Bakışlarımı ondan kaydırarak, babama yönelttim. "Bir korumanın hiç gereği yok, bunu biliyorsun değil mi?"
Son bir umut, vazgeçmesini umdum ama daha en başından bunun yersiz olduğunu biliyordum. Karar, çoktan alınmış, fikrim ise sorulmamıștı.
"Mecburuz. En azından artık gözüm arkada kalmayacak kızım. Lütfen, bu konuyu tartışmayalım."
İtiraz etme hakkım, karşımdaki yabancı adamın varlığı yüzünden elimden alınıyordu. O olmasaydı, muhtemelen çoktan bütün yolları dener, babamı vazgeçirirdim. Ama o varken, bu pek mümkün değildi.
"Ne diyebilirim ki, sen böyle daha rahat hissedeceksen eğer, buna katlanabilirim," deyip ayağa kalktım. Mete'nin de huzursuzca kıpırdanması gözümden kaçmadı.

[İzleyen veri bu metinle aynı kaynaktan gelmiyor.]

definition coarse_map ::
  "'b set \<Rightarrow> ('b \<times> 'b) set set \<Rightarrow> 'a set \<Rightarrow> ('a \<times> 'a) set set \<Rightarrow> ('b \<Rightarrow> 'a) \<Rightarrow> bool" where
  "coarse_map Y \<zeta> X \<epsilon> \<pi> \<longleftrightarrow>
     (\<forall>y\<in>Y. \<pi> y \<in> X) \<and>
     (\<forall>e\<in>\<zeta>. (\<lambda>(a, b). (\<pi> a, \<pi> b)) ` e \<in> \<epsilon>) \<and>
     (\<forall>B. B \<subseteq> X \<and> coarse_bounded \<epsilon> B \<longrightarrow> coarse_bounded \<zeta> ({y\<in>Y. \<pi> y \<in> B}))"

definition coarse_close :: "'b set \<Rightarrow> ('a \<times> 'a) set set \<Rightarrow> ('b \<Rightarrow> 'a) \<Rightarrow> ('b \<Rightarrow> 'a) \<Rightarrow> bool" where
  "coarse_close Y \<epsilon> \<pi> \<pi>' \<longleftrightarrow> {(\<pi> y, \<pi>' y) | y. y \<in> Y} \<in> \<epsilon>"

text \<open>Closed sets of X +_f W, realised on the disjoint union type \<open>'a + 'c\<close>.\<close>
definition coronal_closed :: "'a topology \<Rightarrow> 'c topology \<Rightarrow> ('a set \<Rightarrow> 'c set) \<Rightarrow> ('a + 'c) set \<Rightarrow> bool" where
  "coronal_closed TX TW f D \<longleftrightarrow>
     D \<subseteq> Inl ` topspace TX \<union> Inr ` topspace TW \<and>
     closedin TX (Inl -` D) \<and> closedin TW (Inr -` D) \<and>
     Inr ` f (Inl -` D) \<subseteq> D"

definition coronal_sum :: "'a topology \<Rightarrow> 'c topology \<Rightarrow> ('a set \<Rightarrow> 'c set) \<Rightarrow> ('a + 'c) topology" where
  "coronal_sum TX TW f = topology (\<lambda>U.
     U \<subseteq> Inl ` topspace TX \<union> Inr ` topspace TW \<and>
     coronal_closed TX TW f ((Inl ` topspace TX \<union> Inr ` topspace TW) - U))"

definition coronal_map :: "'a topology \<Rightarrow> 'c topology \<Rightarrow> ('a set \<Rightarrow> 'c set) \<Rightarrow> bool" where
  "coronal_map TX TW f \<longleftrightarrow>
     (\<forall>A. closedin TX A \<longrightarrow> closedin TW (f A)) \<and>
     f {} = {} \<and>
     (\<forall>A B. closedin TX A \<and> closedin TX B \<longrightarrow> f (A \<union> B) = f A \<union> f B)"

definition perspective :: "'a topology \<Rightarrow> 'c topology \<Rightarrow> ('a set \<Rightarrow> 'c set) \<Rightarrow> ('a \<times> 'a) set \<Rightarrow> bool" where
  "perspective TX TW f e \<longleftrightarrow>
     (let T = coronal_sum TX TW f; XX = Inl ` topspace TX in
       (prod_topology T T) closure_of ((\<lambda>(a, b). (Inl a, Inl b)) ` e)
         \<inter> (topspace T \<times> topspace T - XX \<times> XX)
       \<subseteq> {(Inr p, Inr p) | p. p \<in> topspace TW})"

definition Pers :: "'a topology \<Rightarrow> ('a \<times> 'a) set set \<Rightarrow> 'c topology \<Rightarrow> ('a set \<Rightarrow> 'c set) \<Rightarrow> bool" where
  "Pers TX \<epsilon> TW f \<longleftrightarrow>
     (let T = coronal_sum TX TW f in
       compact_space T \<and> Hausdorff_space T \<and>
       T closure_of (Inl ` topspace TX) = topspace T \<and>
       compact_space TW \<and> Hausdorff_space TW \<and>
       (\<forall>e\<in>\<epsilon>. perspective TX TW f e))"

definition pull_corona :: "'b topology \<Rightarrow> 'a topology \<Rightarrow> 'c topology \<Rightarrow> ('a set \<Rightarrow> 'c set) \<Rightarrow> ('b \<Rightarrow> 'a) \<Rightarrow> 'b set \<Rightarrow> 'c set" where
  "pull_corona TY TX TW f \<pi> A = TW closure_of (f (TX closure_of (\<pi> ` A)))"

end

theory Submission
  imports Defs
begin

(* Points of the corona W lying in the closure of Inl ` B are exactly f (closure B),
   by the description of the closed sets of X +_f W. For a controlled set e, a corona
   point p in the closure of the first projection of e is, by compactness of X +_f W,
   the first coordinate of a point (p, q) in the closure of e in (X +_f W)^2; by
   perspectivity q = p, so p also lies in the closure of the second projection. Applied
   to e = {(\<pi> y, \<pi>' y) | y \<in> A} and its converse this gives the theorem. *)

lemma coronal_map_mono:
  assumes "coronal_map TX TW f" "closedin TX A" "closedin TX B" "A \<subseteq> B"
  shows "f A \<subseteq> f B"
  using assms unfolding coronal_map_def by (metis Un_absorb1 Un_upper1)

lemma coronal_closed_Un:
  assumes "coronal_map TX TW f" "coronal_closed TX TW f C" "coronal_closed TX TW f D"
  shows "coronal_closed TX TW f (C \<union> D)"
proof -
  have "f (Inl -` (C \<union> D)) = f (Inl -` C) \<union> f (Inl -` D)"
    using assms unfolding coronal_map_def coronal_closed_def by (simp add: vimage_Un)
  then show ?thesis
    using assms(2,3) unfolding coronal_closed_def by (auto simp: vimage_Un)
qed

lemma coronal_closed_Inter:
  assumes f: "coronal_map TX TW f" and "\<D> \<noteq> {}" and \<D>: "\<And>D. D \<in> \<D> \<Longrightarrow> coronal_closed TX TW f D"
  shows "coronal_closed TX TW f (\<Inter>\<D>)"
proof -
  have "Inl -` \<Inter>\<D> = \<Inter>((-`) Inl ` \<D>)" "Inr -` \<Inter>\<D> = \<Inter>((-`) Inr ` \<D>)"
    by auto
  then have closed: "closedin TX (Inl -` \<Inter>\<D>)" "closedin TW (Inr -` \<Inter>\<D>)"
    using \<D> \<open>\<D> \<noteq> {}\<close> by (auto simp: coronal_closed_def intro!: closedin_Inter)
  have "Inr ` f (Inl -` \<Inter>\<D>) \<subseteq> D" if "D \<in> \<D>" for D
  proof -
    have "f (Inl -` \<Inter>\<D>) \<subseteq> f (Inl -` D)"
      using that \<D>[OF that] closed
      by (intro coronal_map_mono[OF f]) (auto simp: coronal_closed_def)
    then show ?thesis
      using \<D>[OF that] unfolding coronal_closed_def by blast
  qed
  then show ?thesis
    using closed \<D> \<open>\<D> \<noteq> {}\<close> unfolding coronal_closed_def by blast
qed

lemma coronal_closed_topspace:
  assumes "coronal_map TX TW f"
  shows "coronal_closed TX TW f (Inl ` topspace TX \<union> Inr ` topspace TW)"
proof -
  have "f (topspace TX) \<subseteq> topspace TW"
    using assms closedin_subset unfolding coronal_map_def by blast
  moreover have "Inl -` (Inl ` topspace TX \<union> Inr ` topspace TW) = topspace TX"
    and "Inr -` (Inl ` topspace TX \<union> Inr ` topspace TW) = topspace TW"
    by auto
  ultimately show ?thesis
    unfolding coronal_closed_def by auto
qed

lemma istopology_coronal_sum:
  assumes f: "coronal_map TX TW f"
  defines "S \<equiv> Inl ` topspace TX \<union> Inr ` topspace TW"
  shows "istopology (\<lambda>U. U \<subseteq> S \<and> coronal_closed TX TW f (S - U))"
  unfolding istopology_def
proof (rule conjI; intro allI impI)
  fix U V
  assume "U \<subseteq> S \<and> coronal_closed TX TW f (S - U)" "V \<subseteq> S \<and> coronal_closed TX TW f (S - V)"
  then show "U \<inter> V \<subseteq> S \<and> coronal_closed TX TW f (S - U \<inter> V)"
    using coronal_closed_Un[OF f] by (auto simp: Diff_Int)
next
  fix K
  assume K: "\<forall>U\<in>K. U \<subseteq> S \<and> coronal_closed TX TW f (S - U)"
  have "coronal_closed TX TW f (S - \<Union>K)"
  proof (cases "K = {}")
    case True
    then show ?thesis using coronal_closed_topspace[OF f] by (simp add: S_def)
  next
    case False
    have "S - \<Union>K = \<Inter>((-) S ` K)" using False by blast
    also have "coronal_closed TX TW f \<dots>"
      by (rule coronal_closed_Inter[OF f]) (use False K in auto)
    finally show ?thesis .
  qed
  with K show "\<Union>K \<subseteq> S \<and> coronal_closed TX TW f (S - \<Union>K)" by blast
qed

lemma openin_coronal_sum:
  assumes "coronal_map TX TW f"
  shows "openin (coronal_sum TX TW f) U \<longleftrightarrow>
     U \<subseteq> Inl ` topspace TX \<union> Inr ` topspace TW \<and>
     coronal_closed TX TW f ((Inl ` topspace TX \<union> Inr ` topspace TW) - U)"
  unfolding coronal_sum_def using istopology_coronal_sum[OF assms] by simp

lemma topspace_coronal_sum:
  assumes "coronal_map TX TW f"
  shows "topspace (coronal_sum TX TW f) = Inl ` topspace TX \<union> Inr ` topspace TW"
proof -
  let ?S = "Inl ` topspace TX \<union> Inr ` topspace TW"
  have "coronal_closed TX TW f {}"
    using assms unfolding coronal_map_def coronal_closed_def by simp
  then have "openin (coronal_sum TX TW f) ?S"
    by (simp add: openin_coronal_sum[OF assms])
  moreover have "U \<subseteq> ?S" if "openin (coronal_sum TX TW f) U" for U
    using that by (simp add: openin_coronal_sum[OF assms])
  ultimately show ?thesis
    unfolding topspace_def by blast
qed

lemma closedin_coronal_sum:
  assumes "coronal_map TX TW f"
  shows "closedin (coronal_sum TX TW f) D \<longleftrightarrow> coronal_closed TX TW f D"
  unfolding closedin_def topspace_coronal_sum[OF assms] openin_coronal_sum[OF assms]
  by (metis Diff_Diff_Int Diff_subset coronal_closed_def inf.absorb2)

lemma Inr_in_closure_of_Inl_image:
  assumes f: "coronal_map TX TW f" and B: "B \<subseteq> topspace TX"
  shows "Inr p \<in> coronal_sum TX TW f closure_of (Inl ` B) \<longleftrightarrow> p \<in> f (TX closure_of B)"
proof
  let ?D = "Inl ` (TX closure_of B) \<union> Inr ` f (TX closure_of B)"
  have fB: "closedin TW (f (TX closure_of B))"
    using f closedin_closure_of unfolding coronal_map_def by blast
  have "Inl -` ?D = TX closure_of B" "Inr -` ?D = f (TX closure_of B)"
    by auto
  moreover have "?D \<subseteq> Inl ` topspace TX \<union> Inr ` topspace TW"
    using closure_of_subset_topspace[of TX B] closedin_subset[OF fB] by blast
  ultimately have "coronal_closed TX TW f ?D"
    unfolding coronal_closed_def using fB by simp
  moreover have "Inl ` B \<subseteq> ?D"
    using closure_of_subset[OF B] by blast
  ultimately have "coronal_sum TX TW f closure_of (Inl ` B) \<subseteq> ?D"
    by (simp add: closure_of_minimal closedin_coronal_sum[OF f])
  then show "Inr p \<in> coronal_sum TX TW f closure_of (Inl ` B) \<Longrightarrow> p \<in> f (TX closure_of B)"
    by blast
next
  let ?C = "coronal_sum TX TW f closure_of (Inl ` B)"
  have C: "coronal_closed TX TW f ?C"
    using closedin_coronal_sum[OF f] closedin_closure_of by blast
  then have "closedin TX (Inl -` ?C)"
    unfolding coronal_closed_def by blast
  moreover have "Inl ` B \<subseteq> ?C"
    using B by (intro closure_of_subset) (auto simp: topspace_coronal_sum[OF f])
  ultimately have "TX closure_of B \<subseteq> Inl -` ?C"
    by (intro closure_of_minimal) auto
  then have "f (TX closure_of B) \<subseteq> f (Inl -` ?C)"
    by (intro coronal_map_mono[OF f] closedin_closure_of \<open>closedin TX (Inl -` ?C)\<close>)
  with C show "p \<in> f (TX closure_of B) \<Longrightarrow> Inr p \<in> ?C"
    unfolding coronal_closed_def by blast
qed

lemma closure_of_fst_image_subset:
  assumes "compact_space Y" "E \<subseteq> topspace X \<times> topspace Y"
  shows "X closure_of (fst ` E) \<subseteq> fst ` (prod_topology X Y closure_of E)"
  using closed_map_fst[OF assms(1), of X] assms(2)
  by (simp add: closed_map_closure_of_image)

lemma perspective_imp_corona_subset:
  fixes TX :: "'a topology" and TW :: "'c topology"
  assumes f: "coronal_map TX TW f" and compact: "compact_space (coronal_sum TX TW f)"
    and persp: "perspective TX TW f e" and e: "e \<subseteq> topspace TX \<times> topspace TX"
  shows "f (TX closure_of (fst ` e)) \<subseteq> f (TX closure_of (snd ` e))"
proof
  fix p
  assume p: "p \<in> f (TX closure_of (fst ` e))"
  define T where "T = coronal_sum TX TW f"
  define E :: "(('a + 'c) \<times> ('a + 'c)) set" where "E = (\<lambda>(a, b). (Inl a, Inl b)) ` e"
  have fst_E: "fst ` E = Inl ` fst ` e" and snd_E: "snd ` E = Inl ` snd ` e"
    unfolding E_def by force+
  have fst_e: "fst ` e \<subseteq> topspace TX" and snd_e: "snd ` e \<subseteq> topspace TX"
    using e by auto
  have E: "E \<subseteq> topspace T \<times> topspace T"
    using e by (auto simp: E_def T_def topspace_coronal_sum[OF f])
  have "Inr p \<in> T closure_of (fst ` E)"
    using p fst_E Inr_in_closure_of_Inl_image[OF f fst_e] by (simp add: T_def)
  then have "Inr p \<in> fst ` (prod_topology T T closure_of E)"
    using closure_of_fst_image_subset[OF compact[folded T_def] E] by blast
  then obtain q where q: "(Inr p, q) \<in> prod_topology T T closure_of E"
    by force
  have "(Inr p, q) \<in> topspace T \<times> topspace T"
    using closure_of_subset_topspace[of "prod_topology T T" E] q by auto
  moreover have "prod_topology T T closure_of E
      \<inter> (topspace T \<times> topspace T - Inl ` topspace TX \<times> Inl ` topspace TX)
      \<subseteq> {(Inr p, Inr p) | p. p \<in> topspace TW}"
    using persp unfolding perspective_def Let_def T_def E_def .
  ultimately have "q = Inr p"
    using q by blast
  moreover have "prod_topology T T closure_of E \<subseteq> (T closure_of (fst ` E)) \<times> (T closure_of (snd ` E))"
    unfolding closure_of_Times[symmetric] by (intro closure_of_mono) force
  ultimately have "(Inr p, Inr p) \<in> (T closure_of (fst ` E)) \<times> (T closure_of (snd ` E))"
    using q by blast
  then have "Inr p \<in> T closure_of (Inl ` snd ` e)"
    unfolding snd_E by blast
  then show "p \<in> f (TX closure_of (snd ` e))"
    using Inr_in_closure_of_Inl_image[OF f snd_e] by (simp add: T_def)
qed

lemma coarse_structure_subset_closed:
  "coarse_structure X \<epsilon> \<Longrightarrow> e \<in> \<epsilon> \<Longrightarrow> e' \<subseteq> e \<Longrightarrow> e' \<in> \<epsilon>"
  unfolding coarse_structure_def by metis

lemma coarse_structure_converse_closed:
  "coarse_structure X \<epsilon> \<Longrightarrow> e \<in> \<epsilon> \<Longrightarrow> converse e \<in> \<epsilon>"
  unfolding coarse_structure_def by simp

lemma coarse_structure_subset_Times:
  "coarse_structure X \<epsilon> \<Longrightarrow> e \<in> \<epsilon> \<Longrightarrow> e \<subseteq> X \<times> X"
  unfolding coarse_structure_def by simp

Çantamı alıp, koluma takarken ben, "İşi resmiyete döküyoruz o zaman," dedi, Mete.
"Duru itiraz etmediğine göre sözleşmeyi hemen hazırlayalım," dedi babam. "Belirlenmesi gereken kurallar var."
İşte, bu ilgimi çekmişti. Madem bu adam benim korumam olacak, haliyle de bana daha yakın olacak, o halde kuralları belirlemesi gereken ben olmalıyım.
Babama dönerek,"Sözleşme maddelerini benim belirlemem mümkün mü?" diye sordum.
Babam, yüzüme dik dik bakıp, bakışlarını Mete'ye çevirdi. Nedense, ondan onay almayı bekliyor gibiydi. Fazlasıyla garip olan, patronun babam olmasi gerekirken, sanki kontrol Mete'nin elindeydi.
"Evet, tabii. Sorun yok," dedi gülümseyerek.
"Benim için de..."
Yan gözle Mete'ye bakıp, gözlerimi devirdim. Ondan onay almak, en son yapacağım şeydi. Başımı sallayarak, "O halde sözleşme hazırlanırken beni çağırırsın babacığım," deyip odadan çıktım.
Garip... Evet tam olarak özeti buydu. Biraz önce ben ne yaşadım öyle? Bir korumam mı oldu yani? Oysa ki güne alışılageldik bir şekilde başlamıştım. Ve kesinlikle aklımın ucundan geçmezdi, böyle bir şey.
Odama dalgın dalgın girerken, çalışma odasının kapısı açıldı. İstemeden arkama döndüğümde, Mete'nin kapının önünde dikildiğini gördüm. Ama o beni görmüyordu. Koridorun bir ucunda benim odam, öteki ucunda babamın çalışma odası vardı. Başını sağ yanına çevirse, göz göze gelecektik. Ama o telefonuyla meşguldü.
ŞİMDİ OKUDUĞUN
ÖNSEZİ #1: KORUMA
VampireHiç beklenmedik bir anda, soğuk bir adam dahil oldu, sıradan olmaktan sıyrılamayan hayatlarımıza... Sadece onun varlığıyla, bütün hayatımın ipleri koptu ve başıboş kalan kaderim, Kızıl Gözlü Adam'ın varlığıyla şekillendi; ellerinde yoğruldu, gözleri...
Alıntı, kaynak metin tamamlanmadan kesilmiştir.